*PROBLEM DETAILS*.
Keep only the lines from the start of the data through the line containing "using integral_radial_inner_product[OF b0, of", and output them exactly.

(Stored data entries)
lemma integral_radial_inner_square:
  fixes \<xi> :: 'a
  shows "(\<integral>y. F (norm y) * (y \<bullet> \<xi>)\<^sup>2 \<partial>lborel) =
    (norm \<xi>)\<^sup>2 / real DIM('a) * (\<integral>y. F (norm (y::'a)) * (norm y)\<^sup>2 \<partial>lborel)"
proof -
  obtain b0 :: 'a where b0: "b0 \<in> Basis" using nonempty_Basis by blast
  define M where "M = (\<integral>y. F (norm y) * (y \<bullet> b0)\<^sup>2 \<partial>lborel)"
  have expand: "F (norm y) * (norm y)\<^sup>2 = (\<Sum>b\<in>Basis. F (norm y) * ((y \<bullet> b) * (y \<bullet> b)))" for y :: 'a
    by (simp only: power2_norm_eq_inner euclidean_inner[of y y] sum_distrib_left)
  have "(\<integral>y. F (norm (y::'a)) * (norm y)\<^sup>2 \<partial>lborel) =
      (\<integral>y. (\<Sum>b\<in>(Basis::'a set). F (norm y) * ((y \<bullet> b) * (y \<bullet> b))) \<partial>lborel)"
    by (simp only: expand)
  also have "\<dots> = (\<Sum>b\<in>(Basis::'a set). \<integral>y. F (norm y) * ((y \<bullet> b) * (y \<bullet> b)) \<partial>lborel)"
    by (intro Bochner_Integration.integral_sum integrable_radial_coord_product)
  also have "\<dots> = real DIM('a) * M"
    using b0 by (simp add: integral_radial_inner_product[OF b0] M_def)
  finally have "(\<integral>y. F (norm (y::'a)) * (norm y)\<^sup>2 \<partial>lborel) = real DIM('a) * M" .
  moreover have "(\<integral>y. F (norm y) * (y \<bullet> \<xi>)\<^sup>2 \<partial>lborel) = (\<xi> \<bullet> \<xi>) * M"
    using integral_radial_inner_product[OF b0, of \<xi> \<xi>] by (simp add: M_def power2_eq_square)
  ultimately show ?thesis
    by (simp add: power2_norm_eq_inner)
qed

end
lemma interleave_measurement_matrix:
  assumes "n \<ge> 5"
    and "zero_one_matrix m1 ((n+1) div 2) B1" and "zero_one_matrix m2 (n div 2) B2"
  shows "measurement_matrix (G4 n) (m1 + m2 + 2) n (interleave m1 B1 m2 B2)"
  unfolding measurement_matrix_def
proof (intro conjI allI impI)
  show "zero_one_matrix (m1 + m2 + 2) n (interleave m1 B1 m2 B2)"
    using assms(2,3) by (rule interleave_zero_one)
  fix i
  obtain b :: nat where "b \<in> {1, 2}" and ones: "\<forall>j. even j = even b \<longrightarrow> interleave m1 B1 m2 B2 i j = 1"
    using interleave_row_contains_parity_class[of m1 B1 m2 B2 i] by blast
  show "induces_connected (G4 n) (row_support n (interleave m1 B1 m2 B2) i)"
  proof (rule G4_connected_if_contains_parity_class[OF assms(1) \<open>b \<in> {1, 2}\<close>])
    show "row_support n (interleave m1 B1 m2 B2) i \<subseteq> {1..n}"
      unfolding row_support_def by auto
    show "j \<in> row_support n (interleave m1 B1 m2 B2) i" if "j \<in> {1..n}" "even j = even b" for j
      using that ones unfolding row_support_def by auto
  qed
qed

(* The (shifted) identity matrix reads off every coordinate, so M_C is a minimum over a
   nonempty set. *)
lemma shift_identity_identifies:
  "zero_one_matrix N N (\<lambda>i j. if j = i + 1 then 1 else 0) \<and>
   identifies k N N (\<lambda>i j. if j = i + 1 then 1 else 0)"
proof
  let ?I = "\<lambda>i j. if j = i + 1 then 1 else 0 :: real"
  show "zero_one_matrix N N ?I" unfolding zero_one_matrix_def by auto
  have reads: "mat_vec N ?I x i = x (i + 1)" if "i < N" for x i
  proof -
    have "mat_vec N ?I x i = (\<Sum>j\<in>{1..N}. if j = i + 1 then x j else 0)"
      unfolding mat_vec_def by (intro sum.cong) auto
    also have "\<dots> = x (i + 1)" using that by (subst sum.delta) auto
    finally show ?thesis .
  qed
  show "identifies k N N ?I" unfolding identifies_def
  proof (intro allI impI)
    fix x y assume x: "sparse_vec k N x" and y: "sparse_vec k N y" and "x \<noteq> y"
    then obtain j where j: "x j \<noteq> y j" by blast
    have "j \<in> {1..N}"
    proof (rule ccontr)
      assume "j \<notin> {1..N}"
      with x y have "x j = 0" "y j = 0" unfolding sparse_vec_def by blast+
      with j show False by simp
    qed
    then have "j - 1 < N" "mat_vec N ?I x (j - 1) = x j" "mat_vec N ?I y (j - 1) = y j"
      using reads[of "j - 1"] by auto
    with j show "\<exists>i<N. mat_vec N ?I x i \<noteq> mat_vec N ?I y i" by metis
  qed
qed

lemma M_C_attained:
  "\<exists>A. zero_one_matrix (M_C k N) N A \<and> identifies k (M_C k N) N A"
  unfolding M_C_def by (rule LeastI_ex) (use shift_identity_identifies in blast)

lemma M_graph_le:
  assumes "measurement_matrix E m n A" and "identifies k m n A"
  shows "M_graph E k n \<le> m"
  unfolding M_graph_def using assms by (intro Least_le) blast

theorem theorem2:
  fixes n k :: nat
  assumes "n \<ge> 5" and "k \<ge> 1"
  shows "M_graph (G4 n) k n \<le> M_C k (n div 2) + M_C k ((n + 1) div 2) + 2"
proof -
  obtain B1 where B1: "zero_one_matrix (M_C k ((n+1) div 2)) ((n+1) div 2) B1"
      "identifies k (M_C k ((n+1) div 2)) ((n+1) div 2) B1"
    using M_C_attained by blast
  obtain B2 where B2: "zero_one_matrix (M_C k (n div 2)) (n div 2) B2"
      "identifies k (M_C k (n div 2)) (n div 2) B2"
    using M_C_attained by blast
  let ?A = "interleave (M_C k ((n+1) div 2)) B1 (M_C k (n div 2)) B2"
  have "measurement_matrix (G4 n) (M_C k ((n+1) div 2) + M_C k (n div 2) + 2) n ?A"
    using assms(1) B1(1) B2(1) by (rule interleave_measurement_matrix)
  moreover have "identifies k (M_C k ((n+1) div 2) + M_C k (n div 2) + 2) n ?A"
    using B1(2) B2(2) by (rule interleave_identifies)
  ultimately have "M_graph (G4 n) k n \<le> M_C k ((n+1) div 2) + M_C k (n div 2) + 2"
    by (rule M_graph_le)
  then show ?thesis by simp
qed

end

*RESPONSE FOR THIS EXERCISE*.
lemma integral_radial_inner_square:
  fixes \<xi> :: 'a
  shows "(\<integral>y. F (norm y) * (y \<bullet> \<xi>)\<^sup>2 \<partial>lborel) =
    (norm \<xi>)\<^sup>2 / real DIM('a) * (\<integral>y. F (norm (y::'a)) * (norm y)\<^sup>2 \<partial>lborel)"
proof -
  obtain b0 :: 'a where b0: "b0 \<in> Basis" using nonempty_Basis by blast
  define M where "M = (\<integral>y. F (norm y) * (y \<bullet> b0)\<^sup>2 \<partial>lborel)"
  have expand: "F (norm y) * (norm y)\<^sup>2 = (\<Sum>b\<in>Basis. F (norm y) * ((y \<bullet> b) * (y \<bullet> b)))" for y :: 'a
    by (simp only: power2_norm_eq_inner euclidean_inner[of y y] sum_distrib_left)
  have "(\<integral>y. F (norm (y::'a)) * (norm y)\<^sup>2 \<partial>lborel) =
      (\<integral>y. (\<Sum>b\<in>(Basis::'a set). F (norm y) * ((y \<bullet> b) * (y \<bullet> b))) \<partial>lborel)"
    by (simp only: expand)
  also have "\<dots> = (\<Sum>b\<in>(Basis::'a set). \<integral>y. F (norm y) * ((y \<bullet> b) * (y \<bullet> b)) \<partial>lborel)"
    by (intro Bochner_Integration.integral_sum integrable_radial_coord_product)
  also have "\<dots> = real DIM('a) * M"
    using b0 by (simp add: integral_radial_inner_product[OF b0] M_def)
  finally have "(\<integral>y. F (norm (y::'a)) * (norm y)\<^sup>2 \<partial>lborel) = real DIM('a) * M" .
  moreover have "(\<integral>y. F (norm y) * (y \<bullet> \<xi>)\<^sup>2 \<partial>lborel) = (\<xi> \<bullet> \<xi>) * M"
    using integral_radial_inner_product[OF b0, of \<xi> \<xi>] by (simp add: M_def power2_eq_square)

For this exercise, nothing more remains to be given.